Abduhl Wal-i-Musi, the lone pirate who surrendered to the U.S. Navy after holding an American container ship captain hostage, arrived in New York last night. The Daily News reports that he "look[ed] young, gaunt and clueless about the federal charges he faces"—he will be arraigned this morning in federal court.
Wal-i-Musi was one of four pirates who tried to hijack the Maersk Alabama in the Horn of Africa. The ship's crew members were able to take back the ship, but the pirates, armed with machine guns, took Captain Richard Phillips as a hostage. Shortly Wal-i-Musi agreed to be taken to a Naval destroyer monitoring the pirates' boat, Navy Seals killed the remaining pirates and rescued Phillips.

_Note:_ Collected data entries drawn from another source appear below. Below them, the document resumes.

lemma exists_normalised_eigenvector_cbox:
  fixes F :: "real^'n \<Rightarrow> real^'n"
  assumes cont: "continuous_on (cbox 0 1) F" and pos: "\<And>x i. x \<in> cbox 0 1 \<Longrightarrow> 0 < F x $ i"
  obtains x where "x \<in> cbox 0 1" "F x = (\<Sum>i\<in>UNIV. F x $ i) *\<^sub>R x"
proof -
  define N where "N x = inverse (\<Sum>i\<in>UNIV. F x $ i) *\<^sub>R F x" for x
  have sum_pos: "0 < (\<Sum>i\<in>UNIV. F x $ i)" if "x \<in> cbox 0 1" for x
    using pos[OF that] by (intro sum_pos) auto
  have "0 \<in> cbox (0::real^'n) 1"
    by (simp add: mem_box_cart)
  then have "compact (cbox (0::real^'n) 1)" "convex (cbox (0::real^'n) 1)" "cbox (0::real^'n) 1 \<noteq> {}"
    by auto
  moreover have "continuous_on (cbox 0 1) N"
  proof -
    have "(\<Sum>i\<in>UNIV. F x $ i) \<noteq> 0" if "x \<in> cbox 0 1" for x
      using sum_pos[OF that] by simp
    then show ?thesis
      unfolding N_def using cont by (intro continuous_intros) auto
  qed
  moreover have "N \<in> cbox 0 1 \<rightarrow> cbox 0 1"
  proof
    fix x :: "real^'n" assume x: "x \<in> cbox 0 1"
    have "F x $ i \<le> (\<Sum>i\<in>UNIV. F x $ i)" for i
      using pos[OF x] by (intro member_le_sum) (auto intro: less_imp_le)
    then show "N x \<in> cbox 0 1"
      using pos[OF x] sum_pos[OF x] by (auto simp: mem_box_cart N_def field_simps intro: less_imp_le)
  qed
  ultimately obtain x where x: "x \<in> cbox 0 1" "N x = x"
    by (rule brouwer)
  have "F x = (\<Sum>i\<in>UNIV. F x $ i) *\<^sub>R N x"
    using sum_pos[OF x(1)] by (simp add: N_def)
  with x have "F x = (\<Sum>i\<in>UNIV. F x $ i) *\<^sub>R x"
    by simp
  with x(1) show ?thesis
    by (rule that)
qed

lemma hilbert_dist_le:
  assumes x: "pos_vec x" and y: "pos_vec y"
    and bound: "\<And>i j. y $ i * x $ j \<le> K * (x $ i * y $ j)"
  shows "hilbert_dist x y \<le> ln K"
proof -
  let ?G = "{(y $ i * x $ j) / (x $ i * y $ j) | i j. True}"
  have G: "?G = (\<lambda>(i, j). (y $ i * x $ j) / (x $ i * y $ j)) ` UNIV" by auto
  have "0 < (y $ i * x $ j) / (x $ i * y $ j)" for i j
    using x y by (simp add: pos_vec_def)
  then have "0 < Max ?G" unfolding G by (subst Max_gr_iff) auto
  moreover have "Max ?G \<le> K"
    using x y bound unfolding G by (subst Max_le_iff) (auto simp: pos_vec_def divide_le_eq)
  ultimately show ?thesis unfolding hilbert_dist_def by simp
qed
lemma negative_curvature_rescaling:
  fixes H :: "'a::real_inner \<Rightarrow> 'a" and d g :: 'a
  assumes "linear H" and "0 \<le> eps" and curv: "d \<bullet> H d < - eps * (norm d)^2"
  defines "v \<equiv> (- sgn1 (d \<bullet> g) * \<bar>d \<bullet> H d\<bar> / (norm d)^2 / norm d) *\<^sub>R d"
  shows "norm v > eps" and "v \<bullet> H v = - (norm v ^ 3)" and "g \<bullet> v \<le> 0"
proof -
  define q where "q = d \<bullet> H d"
  define c where "c = - sgn1 (d \<bullet> g) * \<bar>q\<bar> / (norm d)^2 / norm d"
  have "eps * (norm d)^2 \<ge> 0" using \<open>0 \<le> eps\<close> by simp
  then have "q < 0" using curv unfolding q_def by linarith
  then have "d \<noteq> 0" unfolding q_def by auto
  have v: "v = c *\<^sub>R d" unfolding v_def c_def q_def ..
  have abs_c: "\<bar>c\<bar> = - q / norm d ^ 3"
    using \<open>q < 0\<close> unfolding c_def sgn1_def by (simp add: abs_mult power3_eq_cube power2_eq_square)
  have norm_v: "norm v = - q / (norm d)^2"
    using \<open>d \<noteq> 0\<close> unfolding v norm_scaleR abs_c by (simp add: power3_eq_cube power2_eq_square)
  show "norm v > eps"
    using curv \<open>d \<noteq> 0\<close> unfolding norm_v q_def by (simp add: less_divide_eq field_simps)
  have "v \<bullet> H v = \<bar>c\<bar>^2 * q"
    unfolding v q_def by (simp add: real_vector.linear_scale[OF \<open>linear H\<close>] power2_eq_square)
  also have "\<dots> = - (norm v ^ 3)"
    unfolding abs_c norm_v using \<open>d \<noteq> 0\<close> by (simp add: field_simps power3_eq_cube power2_eq_square)
  finally show "v \<bullet> H v = - (norm v ^ 3)" .
  have "g \<bullet> v = - (\<bar>q\<bar> / (norm d)^2 / norm d) * (sgn1 (d \<bullet> g) * (d \<bullet> g))"
    unfolding v c_def by (simp add: inner_commute)
  moreover have "sgn1 (d \<bullet> g) * (d \<bullet> g) \<ge> 0" by (simp add: sgn1_def)
  ultimately show "g \<bullet> v \<le> 0" by (simp add: mult_nonneg_nonneg)
qed

definition supported_on :: "'n set \<Rightarrow> real^'n \<Rightarrow> bool" where
  "supported_on I v \<longleftrightarrow> (\<forall>i. i \<notin> I \<longrightarrow> v$i = 0)"

lemma supported_on_zero: "supported_on I 0"
  and supported_on_add: "supported_on I u \<Longrightarrow> supported_on I v \<Longrightarrow> supported_on I (u + v)"
  and supported_on_diff: "supported_on I u \<Longrightarrow> supported_on I v \<Longrightarrow> supported_on I (u - v)"
  and supported_on_uminus: "supported_on I u \<Longrightarrow> supported_on I (- u)"
  and supported_on_scaleR: "supported_on I u \<Longrightarrow> supported_on I (c *\<^sub>R u)"
  by (auto simp: supported_on_def)

lemma supported_on_restrict_vec: "supported_on I (restrict_vec I v)"
  by (simp add: supported_on_def restrict_vec_def)

lemma restrict_vec_supported: "supported_on I v \<Longrightarrow> restrict_vec I v = v"
  by (auto simp: supported_on_def restrict_vec_def vec_eq_iff)

lemma inner_restrict_vec: "supported_on I u \<Longrightarrow> u \<bullet> restrict_vec I v = u \<bullet> v"
  unfolding supported_on_def restrict_vec_def inner_vec_def by (intro sum.cong) auto

lemma inner_sub_op:
  "supported_on I u \<Longrightarrow> supported_on I v \<Longrightarrow> u \<bullet> sub_op A I v = u \<bullet> (A *v v)"
  by (simp add: sub_op_def inner_restrict_vec restrict_vec_supported)

lemma inner_restrict_geps:
  assumes "0 \<le> eg" and v: "supported_on (Inzeps eg x) v"
  shows "restrict_vec (Inzeps eg x) (geps gf lam eg x) \<bullet> v
           = gf x \<bullet> v + lam * ((\<chi> i. sgn (x$i)) \<bullet> v)"
proof -
  have "restrict_vec (Inzeps eg x) (geps gf lam eg x) $ i * v$i
          = gf x $ i * v$i + lam * (sgn (x$i) * v$i)" for i
  proof (cases "i \<in> Inzeps eg x")
    case True
    have "sqrt eg \<ge> 0" using \<open>0 \<le> eg\<close> by simp
    with True consider "x$i > sqrt eg" "x$i > 0" | "x$i < - sqrt eg" "\<not> x$i > sqrt eg" "x$i < 0"
      by (force simp: Inzeps_def)
    then show ?thesis by cases (simp_all add: True restrict_vec_def geps_def algebra_simps)
  next
    case False
    with v show ?thesis by (simp add: supported_on_def)
  qed
  then show ?thesis
    unfolding inner_vec_def by (simp add: sum.distrib sum_distrib_left)
qed

lemma l1norm_add_small_supported:
  assumes "supported_on (Inzeps eg x) v" "0 \<le> t" "t * norm v \<le> sqrt eg"
  shows "l1norm (x + t *\<^sub>R v) = l1norm x + t * ((\<chi> i. sgn (x$i)) \<bullet> v)"
proof -
  have "\<bar>(t *\<^sub>R v)$i\<bar> \<le> \<bar>x$i\<bar>" for i
  proof (cases "i \<in> Inzeps eg x")
    case True
    have "\<bar>(t *\<^sub>R v)$i\<bar> \<le> t * norm v"
      using assms(2) component_le_norm_cart[of v i] by (simp add: abs_mult mult_left_mono)
    with True assms(3) show ?thesis by (simp add: Inzeps_def)
  next
    case False
    with assms(1) show ?thesis by (simp add: supported_on_def)
  qed
  then show ?thesis by (simp add: l1norm_add_dominated)
qed

lemma ccg_iter_supported:
  assumes "supported_on I g" and Hb: "\<And>v. supported_on I v \<Longrightarrow> supported_on I (Hb v)"
  shows "supported_on I (fst (ccg_iter Hb g j)) \<and> supported_on I (fst (snd (ccg_iter Hb g j)))
         \<and> supported_on I (snd (snd (ccg_iter Hb g j)))"
proof (induction j)
  case 0
  then show ?case using assms(1) by (simp add: supported_on_zero supported_on_uminus)
next
  case (Suc j)
  obtain y r p where yrp: "ccg_iter Hb g j = (y, r, p)" by (cases "ccg_iter Hb g j") auto
  with Suc have "supported_on I y" "supported_on I r" "supported_on I p" "supported_on I (Hb p)"
    using Hb by auto
  with yrp show ?case
    by (simp add: Let_def supported_on_add supported_on_diff supported_on_scaleR supported_on_uminus)
qed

According to the Post (which calls him the "JOLLY ROGER" because he smiled at one point for photographers, sources say that the "kidnapping and other charges [he faces carry] a maximum of life in prison."
Musi's mother Adar Abdirahman Hassan, who says her son is only 16 though investigators say he is 18, told the AP that her son was drawn to piracy by "gangsters with money" and asked President Obama for help, "I appeal to President Obama to pardon my teenager; I request him to release my son or at least allow me to see him and be with him during the trial." The director of the Somali Justice Advocacy Center said the pirate's family had asked for help; Omar Jamal said, "What we have is a confused teenager, overnight thrown into the highest level of the criminal justice system in the United States out of a country where there's no law at all."
A Chicago lawyer (and Brooklyn Law grad) Michael Passman told the Daily News that it's been 100 years since the last piracy trial, adding Wal-i-Musi may have difficulties finding a lawyer, "Anyone who ever defended one of these cases has been dead for 100 years."